Maximizing enzyme optimization, minimizing resource use

The research group has spent years attempting to improve the speed at which this complex enzyme can catalyse CO2. They used rational design and directed evolution, a method that earned Frances Arnold the Nobel prize just four years earlier. These industry-standard approaches can take years of hands-on research and trial and error to deliver results. From the 8,000 variants, the group tested in their final round of directed evolution, only 20% turned out to be functional proteins. Of those, just one variant displayed enhanced properties.

Our client explains,

“After several rounds of directed evolution we gave up on further improvement.”
That’s when they brought Exazyme on board. Our goal was to help them understand and improve the complex enzyme.

The Solution

Discovering a 2.8x more effective variant in under 5 minutes

minutes to identify protein variants
wet lab tests
catalytic rate

Our AI-based algorithm created a list of novel protein variants to take to the wet lab for the client’s research team. The calculation took less than five minutes but replaced weeks of manual modeling.

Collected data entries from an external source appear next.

lemma coincidence_set_qf_diff_nonneg:
  assumes "a \<in> coincidence_set" "b \<in> coincidence_set"
  shows "0 \<le> qf bf (a - b)"
proof -
  have "ereal (qf bf ((1/2) *\<^sub>R a + (1 - 1/2) *\<^sub>R b)) \<le> ereal (1/2) * f a + ereal (1 - 1/2) * f b"
    using order_trans[OF qf_le convex_comb_le[of "1/2" a b]] by simp
  then show ?thesis using assms qf_convex_comb[of "1/2" a b] by (simp add: coincidence_set_def)
qed

text \<open>Convexity of \<open>f\<close> between \<open>a\<close> and \<open>y\<close>, with \<open>f \<ge> q\<close> on the segment, bounds the one-sided
  derivative of \<open>f\<close> at \<open>a\<close>, which equals that of \<open>q\<close>.\<close>
lemma bf_minus_qf_le:
  assumes "a \<in> coincidence_set"
  shows "ereal (bf y a - qf bf a) \<le> f y"
proof (cases "y \<in> eff_dom")
  case True
  have "qf bf y - qf bf (y - a) + t * qf bf (y - a) \<le> f_real y" if t: "0 < t" "t < 1" for t
  proof -
    have "ereal (qf bf (t *\<^sub>R y + (1 - t) *\<^sub>R a)) \<le> ereal (t * f_real y + (1 - t) * qf bf a)"
      using order_trans[OF qf_le convex_comb_le[OF t, of y a]] assms True
      by (simp add: coincidence_set_def f_eq_f_real)
    then have "t * qf bf y + (1 - t) * qf bf a - t * (1 - t) * qf bf (y - a)
        \<le> t * f_real y + (1 - t) * qf bf a"
      unfolding qf_convex_comb by simp
    then have "t * (qf bf y - (1 - t) * qf bf (y - a)) \<le> t * f_real y"
      by (simp add: algebra_simps)
    then have "qf bf y - (1 - t) * qf bf (y - a) \<le> f_real y" using t by simp
    then show ?thesis by (simp add: algebra_simps)
  qed
  then have "qf bf y - qf bf (y - a) \<le> f_real y" by (rule le_if_forall_add_mult_le)
  then show ?thesis using True by (simp add: f_eq_f_real qf_diff)
qed (simp add: eff_dom_def)

lemma Phi_coincidence_set_le: "Phi bf coincidence_set x \<le> f x"
  unfolding Phi_def using bf_minus_qf_le by (rule SUP_least)

end

lemma (in convex_q_majorant) qf_le_convex_join_values:
  assumes z: "\<And>y. y \<in> eff_dom \<Longrightarrow> bf y z - qf bf z \<le> f_real y"
    and r: "r \<in> convex_join_values f_real eff_dom z (qf bf z) x"
  shows "qf bf x \<le> r"
proof -
  obtain t y where ty: "r = t * f_real y + (1 - t) * qf bf z" "0 \<le> t" "t \<le> 1" "y \<in> eff_dom"
      "x = t *\<^sub>R y + (1 - t) *\<^sub>R z"
    using r unfolding convex_join_values_def by blast
  have "r - qf bf x = t * (1 - t) * (f_real y - bf y z + qf bf z) + t\<^sup>2 * (f_real y - qf bf y)"
    unfolding ty(1,5) qf_convex_comb qf_diff by (simp add: algebra_simps power2_eq_square)
  moreover have "0 \<le> t * (1 - t) * (f_real y - bf y z + qf bf z) + t\<^sup>2 * (f_real y - qf bf y)"
    using ty(2,3) z[OF ty(4)] qf_le_f_real[OF ty(4)] by simp
  ultimately show ?thesis by simp
qed

locale minimal_convex_q_majorant = convex_q_majorant +
  assumes minimal: "\<forall>g\<in>convex_majorants bf. (\<forall>x. g x \<le> f x) \<longrightarrow> g = f"
begin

The team experimentally tested the 10 variants our AI-tool produced. 90% of those tested were active. Two of the 10 variants tested displayed enhanced properties:

  • One showed a 2.8-fold increase in catalytic rate
  • Another consumed less ATP, making it 50% more energy-efficient

Before Exazyme
Rational design and directed evolution
Wet lab testing of 15,000+ variants
~20% active variants
Enhanced properties in ~1 in 8,000
After Exazyme
Algorithmic design and wet lab validation
Wet lab testing of 10 variants
90% active variants
Enhanced properties in 1 in 5

The Results

“We were amazed by the results”

Before partnering with us, the client had nearly given up on further optimizing the carboxylase. With Exazyme, they achieved a rapid and major breakthrough. The 2.8x improvement in protein catalysis speed surpassed even the best results achieved during years of using traditional methods.

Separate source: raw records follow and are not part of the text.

(* Let $X$ be a random variable with mean $\mu$ whose moment generating function $\mathbb{E}[e^{tX}]$ exists (is finite) for every real $t$. For $n\ge1$ let $\overline X_n=\frac1n\sum_{i=1}^nX_i$, where $X_1,\dots,X_n$ are i.i.d. copies of $X$. Fix $\varepsilon>0$ and set $$\mathcal F(\mu-\varepsilon,\mu)=\inf_{t<0}\mathbb{E}\big[e^{t(X-\mu+\varepsilon)}\big],\qquad \mathcal G(\mu+\varepsilon,\mu)=\inf_{t>0}\mathbb{E}\big[e^{t(X-\mu-\varepsilon)}\big].$$ For $\delta>0$ define $$N_{\mathrm c}(\delta)=\max\left\{\frac{\ln\frac\delta2}{\ln\mathcal F(\mu-\varepsilon,\mu)},\ \frac{\ln\frac\delta2}{\ln\mathcal G(\mu+\varepsilon,\mu)}\right\},$$ and let $N_{\mathrm a}(\delta)$ be the minimum sample size $n$ guaranteeing $\Pr\{|\overline X_n-\mu|<\varepsilon\}>1-\delta$. Then $$\lim_{\delta\to0}\frac{N_{\mathrm c}(\delta)}{N_{\mathrm a}(\delta)}=1.$$ *)

theory Defs
  imports "HOL-Probability.Probability"
begin

definition sample_mean :: "(nat \<Rightarrow> 'a \<Rightarrow> real) \<Rightarrow> nat \<Rightarrow> 'a \<Rightarrow> real" where
  "sample_mean X n \<omega> = (\<Sum>i<n. X i \<omega>) / real n"

definition chernoff_F :: "'a measure \<Rightarrow> ('a \<Rightarrow> real) \<Rightarrow> real \<Rightarrow> real \<Rightarrow> real" where
  "chernoff_F M Y \<mu> \<epsilon> = (INF t\<in>{..<0::real}. integral\<^sup>L M (\<lambda>\<omega>. exp (t * (Y \<omega> - \<mu> + \<epsilon>))))"

definition chernoff_G :: "'a measure \<Rightarrow> ('a \<Rightarrow> real) \<Rightarrow> real \<Rightarrow> real \<Rightarrow> real" where
  "chernoff_G M Y \<mu> \<epsilon> = (INF t\<in>{0::real<..}. integral\<^sup>L M (\<lambda>\<omega>. exp (t * (Y \<omega> - \<mu> - \<epsilon>))))"

definition N_c :: "'a measure \<Rightarrow> ('a \<Rightarrow> real) \<Rightarrow> real \<Rightarrow> real \<Rightarrow> real \<Rightarrow> real" where
  "N_c M Y \<mu> \<epsilon> \<delta> = max (ln (\<delta> / 2) / ln (chernoff_F M Y \<mu> \<epsilon>))
                            (ln (\<delta> / 2) / ln (chernoff_G M Y \<mu> \<epsilon>))"

definition N_a :: "'a measure \<Rightarrow> (nat \<Rightarrow> 'a \<Rightarrow> real) \<Rightarrow> real \<Rightarrow> real \<Rightarrow> real \<Rightarrow> nat" where
  "N_a M X \<mu> \<epsilon> \<delta> = (LEAST n::nat. n \<ge> 1 \<and>
     measure M {\<omega> \<in> space M. \<bar>sample_mean X n \<omega> - \<mu>\<bar> < \<epsilon>} > 1 - \<delta>)"

end

theory Submission
  imports Defs "HOL-Real_Asymp.Real_Asymp"
begin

The head of this research group says,

“We were amazed by the results. We were surprised to see such a strong performance jump with the variant Exazyme suggested."
Ingmar Schuster, Exazyme CEO agrees. “We are extremely proud of this breakthrough and the impact it will have on the field of protein engineering. Our software is a game changer for researchers, making it easy to achieve better results with fewer experiments.”

The Future

Pushing the boundaries of protein engineering

Today, our partnership with this client continues on their upcoming research projects. As the team continues to improve the carboxylase catalysis rate and more, we offer customized tools that make designing proteins as easy as using an app.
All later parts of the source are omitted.